(* Let $L:[0,T]\times\mathbb{R}^N\times\mathbb{R}^N\to\mathbb{R}\cup\{\pm\infty\}$ satisfy (L1)–(L3). Let $(t_0,x_0,u_0)\in(0,T]\times\mathbb{R}^N\times\mathbb{R}$ and $v_0\in\mathrm{dom}\,L(t_0,x_0,\cdot)$. Then there exist $\tau>0$ and a $C^1$ function $(x,u):[t_0-\tau,t_0]\to\mathbb{R}^N\times\mathbb{R}$ with $(x,u)(t_0)=(x_0,u_0)$ such that $(\dot x(t),\dot u(t))\in Q(t,x(t))$ for all $t\in[t_0-\tau,t_0]$ and the left derivative at $t_0$ is $(\dot x,\dot u)(t_0^-)=(v_0,-L(t_0,x_0,v_0))$.
   Context: $\mathrm{dom}\,L(t,x,\cdot)=\{v:L(t,x,v)\neq\pm\infty\}$; proper means never $-\infty$ and not identically $+\infty$. $Q(t,x):=\{(v,\eta)\in\mathbb{R}^N\times\mathbb{R}: L(t,x,v)\leq-\eta\}$ for $(t,x)\in[0,T]\times\mathbb{R}^N$. (L1) $L$ is lower semicontinuous in all variables. (L2) $L(t,x,\cdot)$ is convex and proper for every $t,x$. (L3) for every $(t,x,v)$ and every $(t_n,x_n)\to(t,x)$ in $[0,T]\times\mathbb{R}^N$ there exist $v_n\to v$ with $L(t_n,x_n,v_n)\to L(t,x,v)$. *)

theory Defs
  imports "HOL-Analysis.Analysis"
begin

type_synonym 'a lagrangian = "real \<Rightarrow> 'a \<Rightarrow> 'a \<Rightarrow> ereal"

definition domL :: "'a lagrangian \<Rightarrow> real \<Rightarrow> 'a \<Rightarrow> 'a set" where
  "domL L t x = {v. L t x v \<noteq> \<infinity> \<and> L t x v \<noteq> -\<infinity>}"

definition Qset :: "'a lagrangian \<Rightarrow> real \<Rightarrow> 'a \<Rightarrow> ('a \<times> real) set" where
  "Qset L t x = {(v, \<eta>). L t x v \<le> ereal (-\<eta>)}"

definition L1 :: "real \<Rightarrow> 'a::euclidean_space lagrangian \<Rightarrow> bool" where
  "L1 T L \<longleftrightarrow> (\<forall>t x v tn xn vn.
      t \<in> {0..T} \<and> (\<forall>n. tn n \<in> {0..T}) \<and> tn \<longlonglongrightarrow> t \<and> xn \<longlonglongrightarrow> x \<and> vn \<longlonglongrightarrow> v
      \<longrightarrow> L t x v \<le> liminf (\<lambda>n. L (tn n) (xn n) (vn n)))"

definition L2 :: "real \<Rightarrow> 'a::euclidean_space lagrangian \<Rightarrow> bool" where
  "L2 T L \<longleftrightarrow> (\<forall>t\<in>{0..T}. \<forall>x.
      (\<forall>v. L t x v \<noteq> -\<infinity>) \<and> (\<exists>v. L t x v \<noteq> \<infinity>) \<and>
      (\<forall>v w (a::real). 0 < a \<and> a < 1 \<longrightarrow>
          L t x (a *\<^sub>R v + (1 - a) *\<^sub>R w) \<le> ereal a * L t x v + ereal (1 - a) * L t x w))"

definition L3 :: "real \<Rightarrow> 'a::euclidean_space lagrangian \<Rightarrow> bool" where
  "L3 T L \<longleftrightarrow> (\<forall>t x v tn xn.
      t \<in> {0..T} \<and> (\<forall>n. tn n \<in> {0..T}) \<and> tn \<longlonglongrightarrow> t \<and> xn \<longlonglongrightarrow> x
      \<longrightarrow> (\<exists>vn. vn \<longlonglongrightarrow> v \<and> (\<lambda>n. L (tn n) (xn n) (vn n)) \<longlonglongrightarrow> L t x v))"

end

theory Submission
  imports Defs "HOL-Complex_Analysis.Great_Picard"
begin

text \<open>The sets \<open>E(t, x) = {(v, s). L(t, x, v) \<le> s}\<close> are nonempty, closed and convex by (L1) and (L2),
  and (L3) makes them depend lower hemicontinuously on \<open>(t, x)\<close>. Michael's selection theorem on the
  compact set \<open>[0, t0] \<times> B(x0, 1)\<close> yields a continuous selection \<open>(v, s)\<close> through
  \<open>(v0, L(t0, x0, v0))\<close>, which Dugundji's theorem extends to a bounded continuous field on the
  whole space. Peano's theorem then solves \<open>x' = v(t, x)\<close>, \<open>u' = - s(t, x)\<close> backwards from
  \<open>(x0, u0)\<close>; for a short time the solution stays in the ball, so \<open>(x', u')\<close> lies in \<open>Q(t, x)\<close>.\<close>

section \<open>Michael's selection theorem\<close>

definition lower_hemicontinuous_on :: "'p::metric_space set \<Rightarrow> ('p \<Rightarrow> 'y::metric_space set) \<Rightarrow> bool" where
  "lower_hemicontinuous_on K \<Phi> \<longleftrightarrow>
     (\<forall>p\<in>K. \<forall>y\<in>\<Phi> p. \<forall>e>0. \<exists>d>0. \<forall>q\<in>K. dist q p < d \<longrightarrow> (\<exists>y'\<in>\<Phi> q. dist y' y < e))"

lemma lower_hemicontinuous_onD:
  assumes "lower_hemicontinuous_on K \<Phi>" "p \<in> K" "y \<in> \<Phi> p" "0 < e"
  obtains d where "0 < d" "\<And>q. q \<in> K \<Longrightarrow> dist q p < d \<Longrightarrow> \<exists>y'\<in>\<Phi> q. dist y' y < e"
  using assms unfolding lower_hemicontinuous_on_def by metis

lemma lower_hemicontinuous_onI_sequentially:
  assumes "\<And>p y qs e. p \<in> K \<Longrightarrow> y \<in> \<Phi> p \<Longrightarrow> (\<And>n. qs n \<in> K) \<Longrightarrow> qs \<longlonglongrightarrow> p \<Longrightarrow> 0 < e \<Longrightarrow>
             \<forall>\<^sub>F n in sequentially. \<exists>y'\<in>\<Phi> (qs n). dist y' y < e"
  shows "lower_hemicontinuous_on K \<Phi>"
  unfolding lower_hemicontinuous_on_def
proof (intro ballI allI impI)
  fix p y and e :: real
  assume "p \<in> K" "y \<in> \<Phi> p" "0 < e"
  then have "\<forall>\<^sub>F q in at p within K. \<exists>y'\<in>\<Phi> q. dist y' y < e"
    using assms by (intro sequentially_imp_eventually_within) auto
  then obtain d where "d > 0" "\<And>q. q \<in> K \<Longrightarrow> q \<noteq> p \<Longrightarrow> dist q p < d \<Longrightarrow> \<exists>y'\<in>\<Phi> q. dist y' y < e"
    unfolding eventually_at by blast
  with \<open>y \<in> \<Phi> p\<close> \<open>0 < e\<close> show "\<exists>d>0. \<forall>q\<in>K. dist q p < d \<longrightarrow> (\<exists>y'\<in>\<Phi> q. dist y' y < e)"
    by (metis dist_self)
qed

lemma lower_hemicontinuous_on_Int_ball:
  assumes lhc: "lower_hemicontinuous_on K \<Phi>" and f: "continuous_on K f"
  shows "lower_hemicontinuous_on K (\<lambda>p. \<Phi> p \<inter> ball (f p) r)"
  unfolding lower_hemicontinuous_on_def
proof (intro ballI allI impI)
  fix p y and e :: real
  assume p: "p \<in> K" and y: "y \<in> \<Phi> p \<inter> ball (f p) r" and e: "0 < e"
  define m where "m = r - dist (f p) y"
  have m: "m > 0" using y unfolding m_def by simp
  obtain d1 where d1: "d1 > 0" "\<And>q. q \<in> K \<Longrightarrow> dist q p < d1 \<Longrightarrow> \<exists>y'\<in>\<Phi> q. dist y' y < min e (m/2)"
    using lower_hemicontinuous_onD[OF lhc p, of y "min e (m/2)"] y e m by auto
  obtain d2 where d2: "d2 > 0" "\<And>q. q \<in> K \<Longrightarrow> dist q p < d2 \<Longrightarrow> dist (f q) (f p) < m/2"
    using f p m unfolding continuous_on_iff by (metis half_gt_zero)
  show "\<exists>d>0. \<forall>q\<in>K. dist q p < d \<longrightarrow> (\<exists>y'\<in>\<Phi> q \<inter> ball (f q) r. dist y' y < e)"
  proof (intro exI[of _ "min d1 d2"] conjI ballI impI)
    fix q assume q: "q \<in> K" "dist q p < min d1 d2"
    then obtain y' where y': "y' \<in> \<Phi> q" "dist y' y < min e (m/2)" using d1 by auto
    have "dist (f q) y' \<le> dist (f q) (f p) + dist (f p) y + dist y y'"
      by (metis dist_triangle add.commute add_left_mono order_trans dist_commute)
    also have "\<dots> < r" using d2(2)[of q] q y'(2) unfolding m_def by (auto simp: dist_commute)
    finally show "\<exists>y'\<in>\<Phi> q \<inter> ball (f q) r. dist y' y < e"
      using y' by (intro bexI[of _ y']) auto
  qed (use d1 d2 in auto)
qed

lemma convex_combination_near_convex:
  fixes y :: "'i \<Rightarrow> 'y::real_normed_vector"
  assumes F: "finite F" and C: "convex C" "C \<noteq> {}"
    and a: "sum a F = 1" "\<And>i. i \<in> F \<Longrightarrow> 0 \<le> a i"
    and near: "\<And>i. i \<in> F \<Longrightarrow> 0 < a i \<Longrightarrow> \<exists>c\<in>C. dist (y i) c \<le> e"
  shows "\<exists>c\<in>C. dist (\<Sum>i\<in>F. a i *\<^sub>R y i) c \<le> e"
proof -
  define z where "z i = (SOME c. c \<in> C \<and> (0 < a i \<longrightarrow> dist (y i) c \<le> e))" for i
  have z: "z i \<in> C \<and> (0 < a i \<longrightarrow> dist (y i) (z i) \<le> e)" if i: "i \<in> F" for i
    unfolding z_def
  proof (rule someI_ex)
    show "\<exists>c. c \<in> C \<and> (0 < a i \<longrightarrow> dist (y i) c \<le> e)"
      using near[OF i] C(2) by (cases "0 < a i") auto
  qed
  have "(\<Sum>i\<in>F. a i *\<^sub>R z i) \<in> C"
    using convex_sum[OF F C(1) a] z by blast
  have "dist (\<Sum>i\<in>F. a i *\<^sub>R y i) (\<Sum>i\<in>F. a i *\<^sub>R z i) = norm (\<Sum>i\<in>F. a i *\<^sub>R (y i - z i))"
    by (simp add: dist_norm scaleR_diff_right sum_subtractf)
  also have "\<dots> \<le> (\<Sum>i\<in>F. a i * e)"
  proof (rule order_trans[OF norm_sum], rule sum_mono)
    fix i assume i: "i \<in> F"
    show "norm (a i *\<^sub>R (y i - z i)) \<le> a i * e"
    proof (cases "a i = 0")
      case False
      then have "norm (y i - z i) \<le> e"
        using a(2)[OF i] z[OF i] by (simp add: dist_norm less_le)
      then show ?thesis using a(2)[OF i] by (simp add: mult_left_mono)
    qed simp
  qed
  also have "\<dots> = e" using a(1) by (simp flip: sum_distrib_right)
  finally show ?thesis using \<open>(\<Sum>i\<in>F. a i *\<^sub>R z i) \<in> C\<close> by blast
qed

● **WHAT TO PRODUCE**
In the listing above, locate the line with "theory Submission" and the line with "< e \<Longrightarrow>", then extract exactly those lines and every line between them, and nothing more.

● **REPLY TO THE EXERCISE**
theory Submission
  imports Defs "HOL-Complex_Analysis.Great_Picard"
begin

text \<open>The sets \<open>E(t, x) = {(v, s). L(t, x, v) \<le> s}\<close> are nonempty, closed and convex by (L1) and (L2),
  and (L3) makes them depend lower hemicontinuously on \<open>(t, x)\<close>. Michael's selection theorem on the
  compact set \<open>[0, t0] \<times> B(x0, 1)\<close> yields a continuous selection \<open>(v, s)\<close> through
  \<open>(v0, L(t0, x0, v0))\<close>, which Dugundji's theorem extends to a bounded continuous field on the
  whole space. Peano's theorem then solves \<open>x' = v(t, x)\<close>, \<open>u' = - s(t, x)\<close> backwards from
  \<open>(x0, u0)\<close>; for a short time the solution stays in the ball, so \<open>(x', u')\<close> lies in \<open>Q(t, x)\<close>.\<close>

section \<open>Michael's selection theorem\<close>

definition lower_hemicontinuous_on :: "'p::metric_space set \<Rightarrow> ('p \<Rightarrow> 'y::metric_space set) \<Rightarrow> bool" where
  "lower_hemicontinuous_on K \<Phi> \<longleftrightarrow>
     (\<forall>p\<in>K. \<forall>y\<in>\<Phi> p. \<forall>e>0. \<exists>d>0. \<forall>q\<in>K. dist q p < d \<longrightarrow> (\<exists>y'\<in>\<Phi> q. dist y' y < e))"

lemma lower_hemicontinuous_onD:
  assumes "lower_hemicontinuous_on K \<Phi>" "p \<in> K" "y \<in> \<Phi> p" "0 < e"
  obtains d where "0 < d" "\<And>q. q \<in> K \<Longrightarrow> dist q p < d \<Longrightarrow> \<exists>y'\<in>\<Phi> q. dist y' y < e"
  using assms unfolding lower_hemicontinuous_on_def by metis

lemma lower_hemicontinuous_onI_sequentially:
  assumes "\<And>p y qs e. p \<in> K \<Longrightarrow> y \<in> \<Phi> p \<Longrightarrow> (\<And>n. qs n \<in> K) \<Longrightarrow> qs \<longlonglongrightarrow> p \<Longrightarrow> 0 < e \<Longrightarrow>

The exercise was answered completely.